Und plötzlich hatte der Rocker den Blues

Er stand in den 80ern für glaubwürdigen und schnörkellosen britischen Hardrock, in den 90ern hatte er plötzlich den Blues, und heute ist er älter und breiter als zu Thin-Lizzy-Zeiten. Dennoch ist Gary Moore immer noch einer der besten europäischen Gitarristen.

 Noch mehr Blues geht kaum: Gary Moore ist immer noch ein Meister der Saiten. TV-Foto: Hans Krämer

Noch mehr Blues geht kaum: Gary Moore ist immer noch ein Meister der Saiten. TV-Foto: Hans Krämer

Trier. Gary Moore - ein Name für die ewige Ruhmeshalle der etwas lauteren Musik. Er spielte in den 70ern zusammen mit Phil Lynott bei Thin Lizzy und gehört damit zu den Urvätern des gitarrenlastigen Hardrock. In den 80ern, der Sternstunde des unerträglichen Computerpop-Gedudel, schrie er Wut und Schmerz seiner Heimat Nordirland auf harten und geradlinigen Alben wie "Run for Cover" (1985) und "After the War" (1989) heraus und zeigte dabei eine Virtuosität an der Gitarre, die kein Zweiter erreichte.

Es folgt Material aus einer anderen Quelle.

lemma tless_imp_tleq_parent:
  assumes "tless par a b" shows "tleq par (par a) b"
proof -
  obtain k where k: "(par ^^ k) a = b" and "a \<noteq> b"
    using assms unfolding tless_def tleq_def by blast
  then obtain m where "k = Suc m" by (cases k) auto
  with k show ?thesis
    unfolding tleq_def by (metis comp_apply funpow_Suc_right)
qed

lemma tleq_fixpoint: "tleq par x y \<Longrightarrow> par x = x \<Longrightarrow> y = x"
  unfolding tleq_def using funpow_fixpoint by metis

lemma tleq_ancestors_linear:
  assumes "tleq par z a" "tleq par z b" shows "tleq par a b \<or> tleq par b a"
proof -
  obtain i j where i: "(par ^^ i) z = a" and j: "(par ^^ j) z = b"
    using assms unfolding tleq_def by blast
  show ?thesis
  proof (cases "i \<le> j")
    case True
    then have "(par ^^ (j - i)) a = b"
      using i j by (metis comp_apply funpow_add le_add_diff_inverse2)
    then show ?thesis unfolding tleq_def by blast
  next
    case False
    then have "(par ^^ (i - j)) b = a"
      using i j by (metis comp_apply funpow_add le_add_diff_inverse2 nat_le_linear)
    then show ?thesis unfolding tleq_def by blast
  qed
qed

lemma rooted_tree_funpow_root:
  assumes "rooted_tree V r par" "(par ^^ n) x = r" "n \<le> m"
  shows "(par ^^ m) x = r"
proof -
  have "(par ^^ m) x = (par ^^ (m - n)) r"
    using assms(2,3) by (metis comp_apply funpow_add le_add_diff_inverse2)
  then show ?thesis
    using assms(1) funpow_fixpoint unfolding rooted_tree_def by metis
qed

lemma rooted_tree_periodic_point_is_root:
  assumes rt: "rooted_tree V r par" and "x \<in> V" and per: "(par ^^ p) x = x" and "p > 0"
  shows "x = r"
proof -
  obtain n where n: "(par ^^ n) x = r" using rt \<open>x \<in> V\<close> unfolding rooted_tree_def by blast
  have "(par ^^ (p * n)) x = x" using per funpow_fixpoint[of "par ^^ p"] by (metis funpow_mult)
  moreover have "(par ^^ (p * n)) x = r" using rooted_tree_funpow_root[OF rt n] \<open>p > 0\<close> by simp
  ultimately show ?thesis by simp
qed

lemma tleq_antisym:
  assumes rt: "rooted_tree V r par" and "a \<in> V" and ab: "tleq par a b" and ba: "tleq par b a"
  shows "a = b"
proof -
  obtain i j where i: "(par ^^ i) a = b" and j: "(par ^^ j) b = a"
    using ab ba unfolding tleq_def by blast
  show ?thesis
  proof (cases "i + j = 0")
    case True then show ?thesis using i by simp
  next
    case False
    have "(par ^^ (j + i)) a = a" using i j by (simp add: funpow_add)
    moreover have "j + i > 0" using False by linarith
    ultimately have "a = r" using rooted_tree_periodic_point_is_root[OF rt \<open>a \<in> V\<close>] by blast
    then show ?thesis using i rt funpow_fixpoint unfolding rooted_tree_def by metis
  qed
qed
text \<open>Coxeter matrix entry m(s,t) = order of st (0 encodes infinity).\<close>
definition cox_m :: "('a, 'b) monoid_scheme \<Rightarrow> 'a \<Rightarrow> 'a \<Rightarrow> nat" where
  "cox_m G s t = group.ord G (s \<otimes>\<^bsub>G\<^esub> t)"

text \<open>Defining relators of the Coxeter presentation: (st)^m(s,t) for m(s,t) finite
  (for s = t this is the relator ss).\<close>
definition cox_relators :: "('a, 'b) monoid_scheme \<Rightarrow> 'a set \<Rightarrow> 'a list set" where
  "cox_relators G S = {concat (replicate (cox_m G s t) [s, t]) | s t. s \<in> S \<and> t \<in> S \<and> cox_m G s t > 0}"

text \<open>Congruence on words generated by the relators (equality in the presented group).\<close>
inductive cox_eq :: "('a, 'b) monoid_scheme \<Rightarrow> 'a set \<Rightarrow> 'a list \<Rightarrow> 'a list \<Rightarrow> bool"
  for G S where
  refl: "cox_eq G S u u"
| sym: "cox_eq G S u v \<Longrightarrow> cox_eq G S v u"
| trans: "cox_eq G S u v \<Longrightarrow> cox_eq G S v w \<Longrightarrow> cox_eq G S u w"
| rel: "r \<in> cox_relators G S \<Longrightarrow> cox_eq G S (u @ r @ v) (u @ v)"

text \<open>(W,S) is a Coxeter system: W generated by the involutions S and presented by
  the relations (st)^m(s,t) = 1, i.e. every word over S representing 1 in W is
  a consequence of the defining relations.\<close>
definition coxeter_system :: "('a, 'b) monoid_scheme \<Rightarrow> 'a set \<Rightarrow> bool" where
  "coxeter_system G S \<longleftrightarrow> group G \<and> S \<subseteq> carrier G
     \<and> (\<forall>s\<in>S. s \<noteq> \<one>\<^bsub>G\<^esub> \<and> s \<otimes>\<^bsub>G\<^esub> s = \<one>\<^bsub>G\<^esub>)
     \<and> generate G S = carrier G
     \<and> (\<forall>ws. set ws \<subseteq> S \<and> wprod G ws = \<one>\<^bsub>G\<^esub> \<longrightarrow> cox_eq G S ws [])"

definition cox_len :: "('a, 'b) monoid_scheme \<Rightarrow> 'a set \<Rightarrow> 'a \<Rightarrow> nat" where
  "cox_len G S w = (LEAST n. \<exists>ws. set ws \<subseteq> S \<and> length ws = n \<and> wprod G ws = w)"

definition reflections :: "('a, 'b) monoid_scheme \<Rightarrow> 'a set \<Rightarrow> 'a set" where
  "reflections G S = {w \<otimes>\<^bsub>G\<^esub> s \<otimes>\<^bsub>G\<^esub> inv\<^bsub>G\<^esub> w | w s. w \<in> carrier G \<and> s \<in> S}"

definition bruhat_le :: "('a, 'b) monoid_scheme \<Rightarrow> 'a set \<Rightarrow> 'a \<Rightarrow> 'a \<Rightarrow> bool" where
  "bruhat_le G S u w \<longleftrightarrow> u \<in> carrier G \<and> w \<in> carrier G \<and>
     (\<lambda>a b. \<exists>t\<in>reflections G S. b = a \<otimes>\<^bsub>G\<^esub> t \<and> cox_len G S a < cox_len G S b)\<^sup>*\<^sup>* u w"

end

theory Submission
  imports Defs
begin

text \<open>Every defining relator contains each reflection an even number of times in its reflection
  sequence, so by the presentation the parity of the number of occurrences of a reflection in the
  reflection sequence of a word depends only on the element represented. This gives
  \<open>\<ell>(ws) = \<ell>(w) \<plusminus> 1\<close>, the strong exchange condition and hence the lifting property of the
  Bruhat order. For the lemma we may assume \<open>sxt \<noteq> x\<close>; then \<open>\<ell>(sxt) = \<ell>(x)\<close> makes \<open>s\<close>
  a left ascent of \<open>x\<close> exactly when \<open>t\<close> is a right descent, and after passing to inverses \<open>s\<close>
  is a left ascent. Lifting \<open>x' \<le> x < sx\<close> first along \<open>t\<close> and then along \<open>s\<close> yields the
  two alternatives.\<close>

definition conjugate :: "('a, 'b) monoid_scheme \<Rightarrow> 'a \<Rightarrow> 'a \<Rightarrow> 'a" where
  "conjugate G g r = g \<otimes>\<^bsub>G\<^esub> r \<otimes>\<^bsub>G\<^esub> inv\<^bsub>G\<^esub> g"

text \<open>For a word \<open>s\<^sub>1 \<dots> s\<^sub>k\<close> the \<open>i\<close>-th entry is \<open>s\<^sub>1 \<cdots> s\<^sub>i\<^sub>-\<^sub>1 s\<^sub>i s\<^sub>i\<^sub>-\<^sub>1 \<cdots> s\<^sub>1\<close>;
  multiplying the product of the word on the left by it deletes the \<open>i\<close>-th letter.\<close>
fun word_reflections :: "('a, 'b) monoid_scheme \<Rightarrow> 'a list \<Rightarrow> 'a list" where
  "word_reflections G [] = []"
| "word_reflections G (a # ws) = a # map (conjugate G a) (word_reflections G ws)"

locale coxeter = group G for G :: "('a, 'b) monoid_scheme" (structure) +
  fixes S :: "'a set"
  assumes coxeter_system: "coxeter_system G S"
begin

abbreviation len :: "'a \<Rightarrow> nat" where
  "len \<equiv> cox_len G S"

lemma generators_closed: "S \<subseteq> carrier G"
  using coxeter_system by (simp add: coxeter_system_def)

lemma generator_closed [simp]: "s \<in> S \<Longrightarrow> s \<in> carrier G"
  using generators_closed by blast

lemma generator_square [simp]: "s \<in> S \<Longrightarrow> s \<otimes> s = \<one>"
  using coxeter_system by (simp add: coxeter_system_def)

lemma generator_inv [simp]: "s \<in> S \<Longrightarrow> inv s = s"
  by (simp add: inv_equality)

lemma generator_cancel_left [simp]: "s \<in> S \<Longrightarrow> z \<in> carrier G \<Longrightarrow> s \<otimes> (s \<otimes> z) = z"
  by (simp add: m_assoc[symmetric])

lemma generator_cancel_right [simp]: "s \<in> S \<Longrightarrow> z \<in> carrier G \<Longrightarrow> z \<otimes> s \<otimes> s = z"
  by (simp add: m_assoc)

lemma generate_generators: "generate G S = carrier G"
  using coxeter_system by (simp add: coxeter_system_def)

lemma relation_derivable: "set ws \<subseteq> S \<Longrightarrow> wprod G ws = \<one> \<Longrightarrow> cox_eq G S ws []"
  using coxeter_system by (simp add: coxeter_system_def)

lemma inv_cancel_left [simp]: "g \<in> carrier G \<Longrightarrow> z \<in> carrier G \<Longrightarrow> inv g \<otimes> (g \<otimes> z) = z"
  by (simp add: m_assoc[symmetric])

lemma inv_cancel_left' [simp]: "g \<in> carrier G \<Longrightarrow> z \<in> carrier G \<Longrightarrow> g \<otimes> (inv g \<otimes> z) = z"
  by (simp add: m_assoc[symmetric])

lemma wprod_Nil [simp]: "wprod G [] = \<one>"
  by (simp add: wprod_def)

lemma wprod_Cons [simp]: "wprod G (a # ws) = a \<otimes> wprod G ws"
  by (simp add: wprod_def)

lemma wprod_closed [simp]: "set ws \<subseteq> carrier G \<Longrightarrow> wprod G ws \<in> carrier G"
  by (induction ws) auto

lemma words_closed: "set ws \<subseteq> S \<Longrightarrow> set ws \<subseteq> carrier G"
  using generators_closed by blast

lemma wprod_append:
  "set u \<subseteq> carrier G \<Longrightarrow> set v \<subseteq> carrier G \<Longrightarrow> wprod G (u @ v) = wprod G u \<otimes> wprod G v"
  by (induction u) (auto simp: m_assoc)

lemma wprod_rev: "set ws \<subseteq> S \<Longrightarrow> wprod G (rev ws) = inv (wprod G ws)"
  by (induction ws) (auto simp: wprod_append words_closed inv_mult_group)

lemma set_delete_subset: "set ws \<subseteq> S \<Longrightarrow> set (take i ws @ drop (Suc i) ws) \<subseteq> S"
  using set_take_subset[of i ws] set_drop_subset[of "Suc i" ws] by auto

lemma word_exists: "w \<in> carrier G \<Longrightarrow> \<exists>ws. set ws \<subseteq> S \<and> wprod G ws = w"
  unfolding generate_generators[symmetric]
proof (induction rule: generate.induct)
  case one
  show ?case by (auto intro: exI[of _ "[]"])
next
  case (incl h)
  then show ?case by (auto intro: exI[of _ "[h]"])
next
  case (inv h)
  then show ?case by (auto intro: exI[of _ "[h]"])
next
  case (eng h1 h2)
  then obtain u v where "set u \<subseteq> S" "wprod G u = h1" "set v \<subseteq> S" "wprod G v = h2"
    by blast
  then show ?case by (intro exI[of _ "u @ v"]) (simp add: wprod_append words_closed)
qed

lemma len_le_length: "set ws \<subseteq> S \<Longrightarrow> len (wprod G ws) \<le> length ws"
  unfolding cox_len_def by (rule Least_le) blast

lemma reduced_word_exists:
  assumes "w \<in> carrier G"
  obtains ws where "set ws \<subseteq> S" "length ws = len w" "wprod G ws = w"
proof -
  have "\<exists>n ws. set ws \<subseteq> S \<and> length ws = n \<and> wprod G ws = w"
    using word_exists[OF assms] by blast
  from LeastI_ex[OF this] show ?thesis
    using that unfolding cox_len_def by blast
qed
(* For each integer $n\ge0$ let $\theta^\Delta_n(x)=\sum_{k=0}^n\frac{(n+k)!}{2^k(n-k)!\,k!}(x)_{n-k}$, where $(x)_j=x(x-1)\cdots(x-j+1)$ and $(x)_0=1$. (i) The identity \[ \frac{e^{-i\pi x}}{2i\sin\pi x\,\Gamma(-x)}\int_{-\infty}^{(0+)}e^{\lambda}(-\lambda)^{-x-1}\frac{1}{\sqrt{1-2t}}\exp\big[\lambda(1-\sqrt{1-2t})\big]\,d\lambda=\sum_{n=0}^\infty\theta^\Delta_n(x)\frac{t^n}{n!} \] holds, where the series converges uniformly on each compact subset of $\mathbb{C}\times\{t:|t|<\tfrac12\}$. (ii) The generating function $f(x,t)$ in (i) satisfies \[ f_t(x+1,t)-2f_t(x,t)+xf(x-1,t)=0,\qquad (1-2t)f_t(x,t)+(x-1)f(x,t)-2xf(x-1,t)=0 . \]
   Context: The integral is over a Hankel contour starting at $-\infty$ below the negative real axis, circling the origin counterclockwise and returning to $-\infty$ above the negative real axis; $(-\lambda)^{-x-1}$ uses the principal branch and $\sqrt{1-2t}$ is the principal branch (equal to $1$ at $t=0$). *)

theory Defs
  imports "HOL-Complex_Analysis.Complex_Analysis"
begin

definition falling_fact :: "complex \<Rightarrow> nat \<Rightarrow> complex" where
  "falling_fact x j = (\<Prod>i<j. x - of_nat i)"

definition theta_Delta :: "nat \<Rightarrow> complex \<Rightarrow> complex" where
  "theta_Delta n x = (\<Sum>k=0..n. of_real (fact (n + k) / (2 ^ k * fact (n - k) * fact k))
                                  * falling_fact x (n - k))"

definition gen_f :: "complex \<Rightarrow> complex \<Rightarrow> complex" where
  "gen_f x t = (\<Sum>n. theta_Delta n x * t ^ n / fact n)"

text \<open>The power (-lambda)^(-x-1), with the branch that is real-valued (principal) on the
  upper side of the negative real axis and continuous along the Hankel contour, which
  encircles the origin and crosses the positive real axis; equivalently
  arg(-lambda) = arg(lambda) - pi with the principal arg of lambda.\<close>
definition hankel_pow :: "complex \<Rightarrow> complex \<Rightarrow> complex" where
  "hankel_pow x z = exp ((- x - 1) * (Ln z - \<i> * of_real pi))"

Danach lies der irische Rocker die harten Töne sein und wurde zum Gemütsmenschen. Mit "Still got the Blues" (1990) verdiente er sich endgültig dumm und dämlich und löste außerdem noch einen neuen Blues-Boom aus. Welchen Gary Moore konnten die 600 Fans zwischen 30 und 50 in der Trier er Europahalle erwarten? Den Rocker? Den Mann mit dem Blues? Moore ist mittlerweile 57 und in die Breite gegangen. Eine Schönheit war er noch nie, und ein großer Kommunikator auch nicht. Gespräche mit dem Publikum finden nicht statt. Nehmt, was ich euch biete, oder lasst es sein!

Gary Moore in der Version 2009 fordert Geduld von seinem Publikum, das in Trier recht lange brauchte, um sich auf das Akustik-Gewitter einzulassen. Geduld mit der irrsinnigen Länge seiner Soli und der Art, mit der er sich selbst auf der Bühne feiert inklusive ekstatisch-verzerrtem Gesichtsausdruck. Nachsicht mit seiner Songauswahl - er spielt weder seine alten Kracher aus den 80ern noch seinen kommerziell erfolgreichsten Titel "Still got the Blues", was aber an einem noch laufenden Plagiats-Prozess liegen kann. Doch Gary Moore fordert nicht nur. Er gibt auch viel. Sobald er eine Gitarre in die Hand nimmt, erwacht die Ehrfurcht vor diesem wahren Meister der Saiten, dessen Genialität auch in den Bluesrock-Stücken seines aktuellen Albums "Bad for you Baby" klar erkennbar ist. Immerhin: Seine letzte Zugabe war "Parisienne Walkways" (1978) - hymnischer Blues auf einer Gibson Les Paul und ein schöner Abschluss des Abends mit einem der großen alten Herren des Rock.